Go through the data below line by line. Give only the number of lines that contain "close".

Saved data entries

= = =

lemma U_memD:
  assumes "(e', r') \<in> U t"
  obtains hp hm where "H 0 {par e'} = ereal hp" "H 0 {e'} = ereal hm" "0 \<le> hp" "hp < hm" "hm < t"
    "\<And>u. 0 \<le> u \<Longrightarrow> u \<le> t \<Longrightarrow> Y u = par e' \<longleftrightarrow> hp \<le> u \<and> u < hm"
    "Y hm = e'" "e' \<noteq> rt"
proof -
  note M = assms[unfolded U_mem]
  have "ereal 0 \<le> H 0 {par e'}" "ereal 0 \<le> H 0 {e'}" by (rule hit_ge)+
  then obtain hp hm where hp: "H 0 {par e'} = ereal hp" and hm: "H 0 {e'} = ereal hm"
    using M by (cases "H 0 {par e'}"; cases "H 0 {e'}") auto
  have "{u. 0 \<le> u \<and> u \<le> t \<and> Y u = par e'} = {hp ..< hm}" using M hp hm by simp
  hence "Y u = par e' \<longleftrightarrow> hp \<le> u \<and> u < hm" if "0 \<le> u" "u \<le> t" for u
    using that by (auto simp: set_eq_iff)
  moreover have "Y hm = e'" using hit_attained[OF hm] by simp
  moreover have "e' \<noteq> rt" using M crossed_atE by metis
  ultimately show ?thesis using that M hp hm \<open>ereal 0 \<le> H 0 {par e'}\<close> by auto
qed

lemma U_crossing_time:
  assumes U: "(e', r') \<in> U t" and c: "crossed_at par rt T B t k (e', r')"
  shows "state k \<noteq> None \<and> H 0 {e'} = ereal (jump_time k)"
proof -
  obtain hp hm where hm: "H 0 {e'} = ereal hm"
    and par_visits: "\<And>u. 0 \<le> u \<Longrightarrow> u \<le> t \<Longrightarrow> Y u = par e' \<longleftrightarrow> hp \<le> u \<and> u < hm"
    using U_memD[OF U] by metis
  obtain k0 where k0: "k = Suc k0" and Jk: "state k \<noteq> None" and kt: "jump_time k \<le> t"
    and ends: "jump_vertex k0 = e' \<and> jump_vertex k = par e' \<or>
               jump_vertex k0 = par e' \<and> jump_vertex k = e'"
    using crossed_atE[OF c] by metis
  have Jk0: "state k0 \<noteq> None" and k0_less: "jump_time k0 < jump_time k"
    using k0 Jk state_not_None_le jump_time_Suc_less by auto
  have k0_nonneg: "0 \<le> jump_time k0" using jump_time_nonneg[OF Jk0] .
  have before: "Y u = jump_vertex k0" if "jump_time k0 \<le> u" "u < jump_time k" for u
    using that k0 Jk0 by (intro Y_in_sojourn) (simp add: in_sojourn_def)
  have "jump_time k = hm"
  proof (cases "jump_vertex k0 = e'")
    case True
    hence "Y (jump_time k) = par e'" using ends Y_jump_time[OF Jk] by auto
    hence "jump_time k < hm" using par_visits k0_nonneg k0_less kt by auto
    moreover have "hm \<le> jump_time k0"
      using before[of "jump_time k0"] k0_less True not_hit_before[OF hm] k0_nonneg by force
    ultimately show ?thesis using k0_less by simp
  next
    case False
    hence ends': "jump_vertex k0 = par e'" "Y (jump_time k) = e'"
      using ends Y_jump_time[OF Jk] by auto
    have "0 \<le> jump_time k" using k0_nonneg k0_less by simp
    hence "hm \<le> jump_time k"
      using not_hit_before[OF hm, of "jump_time k"] ends'(2) by (meson not_le singletonI)
    moreover have "\<not> hm < jump_time k"
    proof
      assume lt: "hm < jump_time k"
      let ?u = "max (jump_time k0) hm"
      have "Y ?u = par e'" using before[of ?u] lt k0_less ends' by simp
      moreover have "0 \<le> ?u" "?u \<le> t" using k0_nonneg k0_less lt kt by auto
      ultimately have "?u < hm" using par_visits by blast
      thus False by simp
    qed
    ultimately show ?thesis by simp
  qed
  thus ?thesis using hm Jk by simp
qed

lemma U_unique:
  assumes "(e', r1) \<in> U t" "(e', r2) \<in> U t"
  shows "r1 = r2"
proof -
  obtain k1 where k1: "crossed_at par rt T B t k1 (e', r1)" using assms U_mem by blast
  obtain k2 where k2: "crossed_at par rt T B t k2 (e', r2)" using assms U_mem by blast
  have "state k1 \<noteq> None" "state k2 \<noteq> None" "jump_time k1 = jump_time k2"
    using U_crossing_time[OF assms(1) k1] U_crossing_time[OF assms(2) k2] by auto
  hence "k1 = k2" using jump_time_strict_mono by (metis linorder_neqE_nat less_irrefl)
  thus ?thesis using k1 k2 by (auto simp: crossed_at_def)
qed

lemma inj_on_fst_U: "inj_on fst (U t)"
  by (intro inj_onI) (metis U_unique prod.collapse)

lemma U_persists:
  assumes U: "(e', r') \<in> U t" and "t \<le> t'"
    and no_parent: "\<And>u. t < u \<Longrightarrow> u \<le> t' \<Longrightarrow> Y u \<noteq> par e'"
    and no_child: "\<And>u. t \<le> u \<Longrightarrow> u < t' \<Longrightarrow> Y u \<noteq> e'"
  shows "(e', r') \<in> U t'"
proof -
  note M = U[unfolded U_mem]
  have "{u. 0 \<le> u \<and> u \<le> t' \<and> Y u = par e'} = {u. 0 \<le> u \<and> u \<le> t \<and> Y u = par e'}"
    using no_parent \<open>t \<le> t'\<close> by (auto, meson not_le)
  moreover have "{u. 0 \<le> u \<and> u < t' \<and> Y u = e'} = {u. 0 \<le> u \<and> u < t \<and> Y u = e'}"
  proof (rule Collect_cong)
    fix u show "(0 \<le> u \<and> u < t' \<and> Y u = e') = (0 \<le> u \<and> u < t \<and> Y u = e')"
      using no_child[of u] \<open>t \<le> t'\<close> by (cases "u < t") auto
  qed
  moreover have "\<exists>k. crossed_at par rt T B t' k (e', r')"
    using M \<open>t \<le> t'\<close> unfolding crossed_at_def by (meson order.trans)
  moreover have "H 0 {e'} < ereal t'" using M \<open>t \<le> t'\<close> by (meson ereal_less_eq(3) less_le_trans)
  ultimately show ?thesis unfolding U_mem using M \<open>t \<le> t'\<close> by auto
qed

= = =

**Answer section:**
6